We started with a three-hour training session on a late-night schedule. The following day the client sent an e-mail that required administrative stuff, and I responded promptly to certain requests—of course addressing my superiors, not the client, to avoid bypassing. A couple of days later, I was summoned for an ad hoc meeting in our conference room. When I arrived at the meeting room, I found two fellow technical writers, who would be working on the same short-term project too, talking with our U.S.-based project manager on the phone. The project manager was addressing one of them, offering him a position to become the head of our team. I heard a familiar name too. Thinking about you and your experience though you’re not yet a senior in this company but your experience… but Alchris too came stepping in to these tasks and seems comfortable with it… deciding who between the two—some of the unclear conversations I’d picked up when I came in to the room.

My fellow writer said, “I’m unsure yet. Don’t know about what my manager would say. I think I have to come back to you after talking to her…” His exact lines I can’t remember.

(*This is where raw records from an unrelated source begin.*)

text \<open>The common part \<open>D\<close> stays on the diagonal; the remainders \<open>R\<^sub>1\<close>, \<open>R\<^sub>2\<close>, both of mass
  \<open>w\<close>, are coupled independently. For \<open>w = 0\<close> the junk value \<open>1 / 0 = 0\<close> is harmless, since
  the remainders are then null.\<close>

definition common_part_coupling ::
    "(real^2) measure \<Rightarrow> (real^2) measure \<Rightarrow> (real^2) measure \<Rightarrow> real \<Rightarrow> ((real^2) \<times> (real^2)) measure"
  where "common_part_coupling D R1 R2 w =
    sum_measure (distr D (borel \<Otimes>\<^sub>M borel) (\<lambda>x. (x, x))) (scale_measure (ennreal (1 / w)) (R1 \<Otimes>\<^sub>M R2))"

lemma sets_common_part_coupling [simp]:
  "sets (common_part_coupling D R1 R2 w) = sets (borel \<Otimes>\<^sub>M borel)"
  by (simp add: common_part_coupling_def)

lemma emeasure_common_part_coupling:
  assumes sets: "sets D = sets borel" "sets R1 = sets borel" "sets R2 = sets borel"
    and Z: "Z \<in> sets (borel \<Otimes>\<^sub>M borel)"
  shows "emeasure (common_part_coupling D R1 R2 w) Z
    = emeasure D ((\<lambda>x. (x, x)) -` Z) + ennreal (1 / w) * emeasure (R1 \<Otimes>\<^sub>M R2) Z"
proof -
  have "(\<lambda>x. (x, x)) \<in> measurable D (borel \<Otimes>\<^sub>M borel)"
    by (simp add: measurable_cong_sets[OF sets(1) refl])
  moreover have "space D = UNIV" using sets_eq_imp_space_eq[OF sets(1)] by simp
  moreover have "sets (scale_measure (ennreal (1 / w)) (R1 \<Otimes>\<^sub>M R2)) = sets (borel \<Otimes>\<^sub>M borel)"
    by (simp add: sets cong: sets_pair_measure_cong)
  ultimately show ?thesis
    using Z by (simp add: common_part_coupling_def emeasure_sum_measure emeasure_distr)
qed
(* In the setting described in the context, let $\rho\in\widehat\Lambda$, $\chi\in\widehat\Gamma$, $1\le i,i_1,\dots,i_t\le n$ with $t\ge1$, and $u=u_{i_1}\cdots u_{i_t}$. Then, in the left $U$-module $A^*$ with action $\cdot_\rho$, (a) $u_i\cdot_\rho\widetilde\chi=(1-\rho(z_i)\chi(g_i))\,\Phi(u_i)\widetilde\chi$; (b) $u_i\cdot_\rho(\Phi(u)\widetilde\chi)=\Phi\Big(u_iu-\prod_{r=1}^t q_{ii_r}\,\rho(z_i)\chi(g_i)\,uu_i\Big)\widetilde\chi$; (c) $u_i^t\cdot_\rho\widetilde\chi=\prod_{l=0}^{t-1}\big(1-q_{ii}^l\rho(z_i)\chi(g_i)\big)\,\Phi(u_i^t)\widetilde\chi$.
   Context: $k$ is an algebraically closed field of characteristic zero; for an abelian group $G$, $\widehat G$ is its group of characters $G\to k^\times$. A Yetter–Drinfeld module over $k[G]$ is a $G$-graded vector space $X=\bigoplus_g X_g$ with a $G$-action preserving each $X_g$; $X_g^{\psi}=\{x\in X_g: h\cdot x=\psi(h)x\ \forall h\}$; braiding $c(x\otimes y)=(g\cdot y)\otimes x$ for $x\in X_g$. The Nichols algebra $\mathfrak B(X)$ is the unique connected $\mathbb N$-graded braided Hopf algebra in this category generated by its degree-one part $\cong X$, which equals its space of primitive elements. The smash product $\mathfrak B(X)\#k[G]$ is the Hopf algebra containing $\mathfrak B(X)$ and $k[G]$ as subalgebras, with $gxg^{-1}=\psi(g)x$, $\Delta(x)=g'\otimes x+x\otimes1$ for $x\in X_{g'}^{\psi}$, and $\Delta(g)=g\otimes g$. Setting: $\Lambda,\Gamma$ abelian groups, $n\ge1$, $z_1,\dots,z_n\in\Lambda$, $g_1,\dots,g_n\in\Gamma$, nontrivial characters $\eta_1,\dots,\eta_n\in\widehat\Lambda$, $\chi_1,\dots,\chi_n\in\widehat\Gamma$. $W$ is the Yetter–Drinfeld module over $k[\Lambda]$ with basis $u_i\in W_{z_i}^{\eta_i}$, $V$ the one over $k[\Gamma]$ with basis $a_i\in V_{g_i}^{\chi_i}$; $U=\mathfrak B(W)\#k[\Lambda]$, $A=\mathfrak B(V)\#k[\Gamma]$; $q_{ij}=\eta_j(z_i)$. For $\psi\in\widehat\Gamma$ (resp. $\widehat\Lambda$), $\widetilde\psi$ is the algebra map $A\to k$ (resp. $U\to k$) with $\widetilde\psi(g)=\psi(g)$ and vanishing on the $a_j$ (resp. $u_j$). Let $\varphi:\Lambda\to\widehat\Gamma$ be a group homomorphism with $\varphi(z_i)=\chi_i^{-1}$ and $\eta_i(z)=\varphi(z)(g_i)$ for all $i$ and $z\in\Lambda$, and let $l_1,\dots,l_n\in k$ be nonzero. Then there is a Hopf algebra map $\Phi:U\to A^{o\,\mathrm{cop}}$ with $\Phi(z)=\widetilde{\varphi(z)}$, $\Phi(u_i)(g)=0$, $\Phi(u_i)(a_j)=\delta_{ij}l_i$. The dual $A^*$ is an algebra under convolution $(pq)(a)=p(a_{(1)})q(a_{(2)})$ (so $\Phi(u)\widetilde\chi$ is a product in $A^*$). For $\rho\in\widehat\Lambda$, $U$ acts on $A^*$ by $u\cdot_\rho p=\Phi(u_{(1)})\,\widetilde\rho(u_{(2)})\,p\,\Phi(S(u_{(3)}))$ (products in $A^*$). *)

theory Defs
  imports "HOL-Computational_Algebra.Polynomial"
begin

text \<open>Groups Lambda, Gamma are written additively (type class ab_group_add).
  A character of an abelian group with values in k^x.\<close>

definition is_char :: "('a::ab_group_add \<Rightarrow> 'k::field) \<Rightarrow> bool" where
  "is_char \<psi> \<longleftrightarrow> (\<forall>x y. \<psi> (x + y) = \<psi> x * \<psi> y) \<and> (\<forall>x. \<psi> x \<noteq> 0)"

text \<open>Coproduct of the basis element a_w (w a word in the generators) of the smash
  product T(V)#k[G], with a_j of degree gg j and weight ch j:
  Delta(a_w) = sum of c * (a_w1 * s) (x) a_w2 over the listed quadruples (c, w1, s, w2).\<close>

fun cop :: "('i \<Rightarrow> 'g::ab_group_add) \<Rightarrow> ('i \<Rightarrow> 'g \<Rightarrow> 'k::comm_ring_1) \<Rightarrow> 'i list
             \<Rightarrow> ('k \<times> 'i list \<times> 'g \<times> 'i list) list" where
  "cop gg ch [] = [(1, [], 0, [])]"
| "cop gg ch (x # w) =
     map (\<lambda>(c, w1, s, w2). (c * prod_list (map (\<lambda>y. ch y (gg x)) w1), w1, gg x + s, x # w2))
         (cop gg ch w)
   @ map (\<lambda>(c, w1, s, w2). (c, x # w1, s, w2)) (cop gg ch w)"

text \<open>A linear functional p on the smash product is given by its values p w h = p(a_w h)
  on the basis {a_w h}. Convolution product of functionals.\<close>

definition conv :: "('i \<Rightarrow> 'g::ab_group_add) \<Rightarrow> ('i \<Rightarrow> 'g \<Rightarrow> 'k::comm_ring_1)
    \<Rightarrow> ('i list \<Rightarrow> 'g \<Rightarrow> 'k) \<Rightarrow> ('i list \<Rightarrow> 'g \<Rightarrow> 'k) \<Rightarrow> ('i list \<Rightarrow> 'g \<Rightarrow> 'k)" where
  "conv gg ch p q = (\<lambda>w h. sum_list (map (\<lambda>(c, w1, s, w2). c * p w1 (s + h) * q w2 h) (cop gg ch w)))"

definition unit_f :: "'i list \<Rightarrow> 'g \<Rightarrow> 'k::comm_ring_1" where
  "unit_f w h = (if w = [] then 1 else 0)"

definition tilde :: "('g \<Rightarrow> 'k::comm_ring_1) \<Rightarrow> 'i list \<Rightarrow> 'g \<Rightarrow> 'k" where
  "tilde \<psi> w h = (if w = [] then \<psi> h else 0)"

definition smultf :: "'k::comm_ring_1 \<Rightarrow> ('i list \<Rightarrow> 'g \<Rightarrow> 'k) \<Rightarrow> 'i list \<Rightarrow> 'g \<Rightarrow> 'k" where
  "smultf c p = (\<lambda>w h. c * p w h)"

definition prodf :: "('i \<Rightarrow> 'g::ab_group_add) \<Rightarrow> ('i \<Rightarrow> 'g \<Rightarrow> 'k::comm_ring_1)
    \<Rightarrow> ('i list \<Rightarrow> 'g \<Rightarrow> 'k) list \<Rightarrow> 'i list \<Rightarrow> 'g \<Rightarrow> 'k" where
  "prodf gg ch ps = foldr (conv gg ch) ps unit_f"

text \<open>Phi on the basis element u_w * lam of U (Phi is an algebra map; Phiu j = Phi(u_j),
  Phi(lam) = tilde (phi lam)).\<close>
definition PhiU where
  "PhiU gg ch \<phi> Phiu w lam = conv gg ch (prodf gg ch (map Phiu w)) (tilde (\<phi> lam))"

text \<open>Phi(S(u_w lam)), where S(u_w lam) = lam^{-1} S(u_wm) ... S(u_w1) and
  S(u_j) = - z_j^{-1} u_j.\<close>
definition PhiSU where
  "PhiSU gg ch zs \<phi> Phiu w lam =
     smultf ((-1) ^ length w)
       (conv gg ch (tilde (\<phi> (- lam)))
          (prodf gg ch (map (\<lambda>j. conv gg ch (tilde (\<phi> (- zs j))) (Phiu j)) (rev w))))"

text \<open>Phi applied to a linear combination of basis elements u_w lam of U.\<close>
definition PhiComb where
  "PhiComb gg ch \<phi> Phiu X = (\<lambda>x h. sum_list (map (\<lambda>(c, w, lam). c * PhiU gg ch \<phi> Phiu w lam x h) X))"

Abruptly, I heard my name again over the phone. That somehow gave me the idea that my project manager shifted his focus. The room started spinning, the topic was spinning, the subject was spinning, the conversation was spinning… He was talking to someone else this time. He was mentioning something about “the face of the company to the client.” And he was waiting for an answer. Should the answer come from me? I was uncertain. Staring at and listening to the star-shaped, loud-speaker-enabled phone, I released the choked sound in my throat and tried to compose myself. I stammered, “I’m sorry”—with the question hint in my statement that meant I didn’t quite understand him.

Also based in U.S., my technical writing editor on the other line elaborated my project manager’s statement. “The face of the company to the client… the lead for this team... Are you okay with that role?” she asked clearly. I stared at my nails, convincing myself there were no pearls of sweat on my temple. Then I responded, “If my boss would permit.” That was my subtle way of saying, “Yes.” Suddenly, I became “the face of the company to the client.” It’s what a fellow writer would simply put into one acronym: TL.

****
A couple of months ago, a just-starting association has dealt with me to come up with a story that will be published as a sort of a graphic novel or comic story.

I started off by writing in the way their writers create their stories—with all the graphic information, such as panel numbers and page specifications, included in the document; but I found myself uncomfortable with that beginning. I therefore first tried writing a novel; afterward I would create my storyboard and all that stuff. This required me to relearn the use of idioms and colloquial expressions to give my characters a tone that’s convincingly existent.

Last month, I forced myself to read a famous sci-fi novel, which I finished in a span of two weeks. This month, I continued some unfinished reading assignments on a few novels by my favorite author, Sidney Sheldon. Though I like Sidney Sheldon, I’ve been too busy to have time reading fiction for the past years. Reading has never been my hobby before, though writing is my passion. With layers of dust piled against their cover, the books I’ve finished now have been stashed somewhere in my bookshelf for years. And I want more. It’s all of a sudden.

In shopping malls, I see the world spinning that I abruptly and shockingly find myself making for the bookstore and choosing the next story to put in my to-read list. I’ve been downloading a lot of free e-books too, some of which are classics. I’ve become a reader, and my friend Marge—who never considered me as someone with whom she could talk about books and novels before—would sometimes talk to me about good novels. I love books now, I guess. My paradigm might be spinning.

1 comment:

Marjorie said...

naks! ikaw na ang TL! congrats! pa-burger ka naman hehehe...

tama yan, just continue reading those books, that's one of the marks of a good writer, being a voracious reader that is.